■ Your instructions ■
Everything from the line containing "(S_n + Y)^j binomially, where" through the end of the entries should be transcribed exactly. Leave out all other lines.

■ Entries shown ■

(* Let $\pi$ be a probability measure on $\mathsf{X}$, and for each $x\in\mathsf{X}$ let $Q_{x}$ be the law of a random variable $W=\prod_{t=1}^{T}W_{t}$, where $W_{1},\dots,W_{T}$ are independent and nonnegative and each $W_{t}=\frac{1}{N}\sum_{i=1}^{N}W_{t,i}$ is an average of nonnegative, independent and identically distributed random variables $W_{t,1},\dots,W_{t,N}$ with mean $1$ (their laws may depend on $x$). Let $\tilde{\pi}_{x}(\mathrm{d}w):=wQ_{x}(\mathrm{d}w)$. Assume that for some integer $p\ge2$ and every $x\in\mathsf{X}$, $\max_{t\in\{1,\dots,T\}}\mathbb{E}[W_{t,1}^{p}]<\infty$. Then there exists a function $M_{p}:\mathsf{X}\to\mathbb{R}_{+}$ such that if \[ N\ge\alpha T+\tfrac{1}{2}+\sqrt{\alpha T} \] for some $\alpha>0$, then for all $s>0$, \[ \int\pi(\mathrm{d}x)\,\tilde{\pi}_{x}(W\ge s)\le s^{-p+1}\int\pi(\mathrm{d}x)\exp\Big(\frac{M_{p}(x)}{\alpha}\Big). \]
   Context: $\mathbb{R}_{+}=(0,\infty)$. The expectation $\mathbb{E}[W_{t,1}^{p}]$ is under the law determined by $x$. *)

theory Defs
  imports "HOL-Probability.Probability"
begin

definition W_prod :: "nat \<Rightarrow> nat \<Rightarrow> (nat \<times> nat \<Rightarrow> real) \<Rightarrow> real" where
  "W_prod T N \<omega> = (\<Prod>t\<in>{1..T}. (\<Sum>i<N. \<omega> (t, i)) / real N)"

definition Q_law :: "('x \<Rightarrow> nat \<Rightarrow> real measure) \<Rightarrow> nat \<Rightarrow> nat \<Rightarrow> 'x \<Rightarrow> real measure" where
  "Q_law \<mu> T N x = distr (PiM ({1..T} \<times> {..<N}) (\<lambda>(t, i). \<mu> x t)) borel (W_prod T N)"

definition tilde_pi :: "('x \<Rightarrow> nat \<Rightarrow> real measure) \<Rightarrow> nat \<Rightarrow> nat \<Rightarrow> 'x \<Rightarrow> real set \<Rightarrow> ennreal" where
  "tilde_pi \<mu> T N x A = (\<integral>\<^sup>+ w\<in>A. ennreal w \<partial>(Q_law \<mu> T N x))"

end

theory Submission
  imports Defs
begin

(* By Markov's inequality for the size-biased law, tilde_pi_x [s, oo) = E[W; W >= s] is at most
   s^(1-p) E[W^p], and by independence E[W^p] is the product of the E[W_t^p]. Expanding
   (S_n + Y)^j binomially, where S_n is a sum of n i.i.d. copies of Y with E Y = 1 and
   E Y^i <= B for 2 <= i <= p, gives by induction on n the bound E S_n^j <= n^j + K_j (n+1)^(j-1)
   with K_j depending only on B and j. Hence E[W_t^p] <= 1 + c_t / N, and the product over t is
   at most exp (sum_t c_t / N) <= exp (M(x) / alpha) as soon as N >= alpha. *)

(* The constant K_j of the header. In K_(j+1) = (j+1) K_j + B 2^(j+1) (1 + K_j) the first term
   absorbs the cross term (j+1) E[S_n^j] and the second the binomial terms with E Y^i, i >= 2. *)
fun sum_moment_const :: "real \<Rightarrow> nat \<Rightarrow> real" where
  "sum_moment_const B 0 = 0"
| "sum_moment_const B (Suc j) =
     real (Suc j) * sum_moment_const B j + B * 2 ^ Suc j * (1 + sum_moment_const B j)"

■ Response to the task ■
   (S_n + Y)^j binomially, where S_n is a sum of n i.i.d. copies of Y with E Y = 1 and
   E Y^i <= B for 2 <= i <= p, gives by induction on n the bound E S_n^j <= n^j + K_j (n+1)^(j-1)
   with K_j depending only on B and j. Hence E[W_t^p] <= 1 + c_t / N, and the product over t is
   at most exp (sum_t c_t / N) <= exp (M(x) / alpha) as soon as N >= alpha. *)

(* The constant K_j of the header. In K_(j+1) = (j+1) K_j + B 2^(j+1) (1 + K_j) the first term
   absorbs the cross term (j+1) E[S_n^j] and the second the binomial terms with E Y^i, i >= 2. *)
fun sum_moment_const :: "real \<Rightarrow> nat \<Rightarrow> real" where
  "sum_moment_const B 0 = 0"
| "sum_moment_const B (Suc j) =
     real (Suc j) * sum_moment_const B j + B * 2 ^ Suc j * (1 + sum_moment_const B j)"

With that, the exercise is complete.